There are several reasons, in a non-drought year, that most people consider Oklahoma the greatest state for raising beef cattle. One of those reasons is that as a rule of thumb, Oklahoma forages do not have severe mineral deficiencies or high levels of mineral antagonists compared to forages in many other states. In 2022, the drought has led many of us to neighboring states for harvested forage, some of which are unconventional forage types. If you are in this situation, you may need to pay extra attention for your mineral program. We would suggest you get a feed analysis of your winter hay supply that includes mineral concentration. But, even with a test there are several mineral antagonists and unknown interactions that may occur.  Mineral supplementation to the cow herd is always a good idea, this year, it is of even greater potential benefit. 

Proper mineral and vitamin nutrition contributes to strong immune systems, reproductive performance and calf weight gain. Diets with mineral imbalances may cause poor animal performance, resulting in reduced profitability. Mineral requirements are dependent on forage mineral content, animal age and stage of production. However, simply knowing the animal’s requirement is only one component in evaluating an animal’s mineral status. Mineral needs also tend to be area specific and change with soil type, fertilization rates, rainfall and other factors.
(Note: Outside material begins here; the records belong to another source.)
lemma pentagon_velocity_areas:
  assumes v: "2 * dot (A 1 - A 3) R' = 1" "dot (A 1 - A 5) R' = 0"
    "dot (A 2 - A 3) W' = 0" "dot (A 2 - A 1) (W' - R') = 0"
    and sides: "cross (A 1 - A 3) (A 5 - A 3) * cross (A 1 - A 3) (A 2 - A 3) < 0"
  shows "2 * dot (A 4 - A 1) (0 - R') = oarea A 1 4 5 / oarea A 1 3 5"
    and "- (2 * dot (A 5 - A 2) (0 - W')) =
      oarea A 1 2 5 / oarea A 1 2 3 * (oarea A 2 3 5 / oarea A 1 3 5)"
    and "- (2 * dot (A 2 - A 4) (W' - 0)) =
      oarea A 2 3 4 / oarea A 1 3 5 * (oarea A 1 2 5 / oarea A 1 2 3)"
proof -
  define r e w q where "r = A 1 - A 3" and "e = A 5 - A 3" and "w = A 2 - A 3" and "q = A 4 - A 3"
  have areas: "oarea A 1 3 5 = - cross r e / 2" "oarea A 1 2 3 = - cross w r / 2"
    "oarea A 1 4 5 = - cross (r - q) (e - q) / 2" "oarea A 1 2 5 = - cross (r - w) (e - w) / 2"
    "oarea A 2 3 5 = - cross w e / 2" "oarea A 2 3 4 = - cross w q / 2"
    unfolding oarea_eq_cross cross_def r_def e_def w_def q_def by (simp_all add: algebra_simps)
  have vel: "2 * dot r R' = 1" "dot (r - e) R' = 0" "dot w W' = 0" "dot (w - r) (W' - R') = 0"
    using v unfolding r_def e_def w_def dot_def by (simp_all add: algebra_simps)
  have "cross r e * cross r w < 0"
    using sides unfolding r_def e_def w_def .
  moreover have "cross w r = - cross r w"
    unfolding cross_def by simp
  ultimately have nonzero: "cross r e \<noteq> 0" "cross w r \<noteq> 0"
    by auto
  have "cross r e * (2 * dot (A 4 - A 1) (0 - R')) =
      cross r e * (2 * dot r R') - cross r e * (2 * dot q R')"
    unfolding r_def q_def dot_def by (simp add: algebra_simps)
  also have "\<dots> = cross (r - q) (e - q)"
    unfolding apex_velocity[OF vel(1,2)] vel(1) by (simp add: cross_def algebra_simps)
  finally show "2 * dot (A 4 - A 1) (0 - R') = oarea A 1 4 5 / oarea A 1 3 5"
    using nonzero unfolding areas by (simp add: field_simps)
  have x1: "- (2 * dot (A 5 - A 2) (0 - W')) = 2 * dot e W'"
    using vel(3) unfolding e_def w_def dot_def by (simp add: algebra_simps)
  show "- (2 * dot (A 5 - A 2) (0 - W')) =
      oarea A 1 2 5 / oarea A 1 2 3 * (oarea A 2 3 5 / oarea A 1 3 5)"
    unfolding x1 areas using apex_over_apex_velocity[OF vel, of e] nonzero
    by (simp add: field_simps)
  have x3: "- (2 * dot (A 2 - A 4) (W' - 0)) = 2 * dot q W'"
    using vel(3) unfolding q_def w_def dot_def by (simp add: algebra_simps)
  show "- (2 * dot (A 2 - A 4) (W' - 0)) =
      oarea A 2 3 4 / oarea A 1 3 5 * (oarea A 1 2 5 / oarea A 1 2 3)"
    unfolding x3 areas using apex_over_apex_velocity[OF vel, of q] nonzero
    by (simp add: field_simps)
qed

lemma slice_fun_DERIV_iff_slice_chart:
  assumes apos: "\<forall>i\<in>{1..5}. a i > 0" and A: "in_slice a k A" and i: "i \<in> {1, 3, 5}"
  shows "(slice_fun a k i has_real_derivative D) (at (xsq A 2)) \<longleftrightarrow>
    ((\<lambda>s. xsq (slice_chart a A s) i) has_real_derivative D) (at (xsq A 2))"
proof (rule has_field_derivative_cong_eventually)
  show "\<forall>\<^sub>F s in at (xsq A 2). slice_fun a k i s = xsq (slice_chart a A s) i"
    using slice_chart_in_slice[OF apos A] by eventually_elim (metis slice_fun_eq_xsq i)
  show "slice_fun a k i (xsq A 2) = xsq (slice_chart a A (xsq A 2)) i"
    unfolding slice_chart_at_base[OF A] using slice_fun_eq_xsq[OF A i] .
qed

lemma slice_fun_has_real_derivative:
  assumes apos: "\<forall>i\<in>{1..5}. a i > 0" and A: "in_slice a k A"
    and R': "((\<lambda>s. slice_chart a A s 1) has_vector_derivative R') (at (xsq A 2))"
    and W': "((\<lambda>s. slice_chart a A s 2) has_vector_derivative W') (at (xsq A 2))"
  shows "(slice_fun a k 1 has_real_derivative 2 * dot (A 5 - A 2) (0 - W')) (at (xsq A 2))"
    and "(slice_fun a k 3 has_real_derivative 2 * dot (A 2 - A 4) (W' - 0)) (at (xsq A 2))"
    and "(slice_fun a k 5 has_real_derivative 2 * dot (A 4 - A 1) (0 - R')) (at (xsq A 2))"
proof -
  note base = slice_chart_at_base[OF A] and fixed = slice_chart_apply(3)[of _ a A]
    and const = has_vector_derivative_const
  have "((\<lambda>s. sqd (slice_chart a A s 5) (slice_chart a A s 2)) has_real_derivative
      2 * dot (A 5 - A 2) (0 - W')) (at (xsq A 2))"
    using has_real_derivative_sqd[OF const W'] by (simp add: fixed base)
  then show "(slice_fun a k 1 has_real_derivative 2 * dot (A 5 - A 2) (0 - W')) (at (xsq A 2))"
    using slice_fun_DERIV_iff_slice_chart[OF apos A, of 1] by (simp add: xsq_eval(1))
  have "((\<lambda>s. sqd (slice_chart a A s 2) (slice_chart a A s 4)) has_real_derivative
      2 * dot (A 2 - A 4) (W' - 0)) (at (xsq A 2))"
    using has_real_derivative_sqd[OF W' const] by (simp add: fixed base)
  then show "(slice_fun a k 3 has_real_derivative 2 * dot (A 2 - A 4) (W' - 0)) (at (xsq A 2))"
    using slice_fun_DERIV_iff_slice_chart[OF apos A, of 3] by (simp add: xsq_eval(3))
  have "((\<lambda>s. sqd (slice_chart a A s 4) (slice_chart a A s 1)) has_real_derivative
      2 * dot (A 4 - A 1) (0 - R')) (at (xsq A 2))"
    using has_real_derivative_sqd[OF const R'] by (simp add: fixed base)
  then show "(slice_fun a k 5 has_real_derivative 2 * dot (A 4 - A 1) (0 - R')) (at (xsq A 2))"
    using slice_fun_DERIV_iff_slice_chart[OF apos A, of 5] by (simp add: xsq_eval(4))
qed

theorem lemma4:
  fixes a :: "nat \<Rightarrow> real" and k :: real and A :: "nat \<Rightarrow> real \<times> real"
  assumes "\<forall>i\<in>{1..5}. a i > 0"
    and "in_slice a k A"
  shows "((\<lambda>s. - slice_fun a k 1 s) has_real_derivative
            (oarea A 1 2 5 / oarea A 1 2 3) * (oarea A 2 3 5 / oarea A 1 3 5)) (at (xsq A 2)) \<and>
         ((\<lambda>s. - slice_fun a k 3 s) has_real_derivative
            (oarea A 2 3 4 / oarea A 1 3 5) * (oarea A 1 2 5 / oarea A 1 2 3)) (at (xsq A 2)) \<and>
         (slice_fun a k 5 has_real_derivative
            oarea A 1 4 5 / oarea A 1 3 5) (at (xsq A 2))"
proof -
  obtain R' W' where R': "((\<lambda>s. slice_chart a A s 1) has_vector_derivative R') (at (xsq A 2))"
    and W': "((\<lambda>s. slice_chart a A s 2) has_vector_derivative W') (at (xsq A 2))"
    using slice_chart_has_vector_derivative[OF assms(2)] .
  have "strictly_convex A"
    using assms(2) unfolding in_slice_def by simp
  note areas = pentagon_velocity_areas[OF slice_chart_velocity[OF assms(2) R' W']
      strictly_convex_opposite_sides(3)[OF this]]
  note derivatives = slice_fun_has_real_derivative[OF assms R' W']
  show ?thesis
    using DERIV_minus[OF derivatives(1)] DERIV_minus[OF derivatives(2)] derivatives(3)
    unfolding areas by simp
qed

end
A mineral supplement that meets the cow’s macro mineral needs for things like calcium, phosphorus, and magnesium, can be fairly straight forward with a basic mineral program, but to get them bred back in a timely manner and to retain that pregnancy, delivering a highly available trace mineral supplement to the cow on a consistent basis is critical. Therefore, it is recommended producers ensure beef cows receive supplemental sources of these elements at least 60 days prior to calving through breeding and 30 days to 60 days prior to weaning.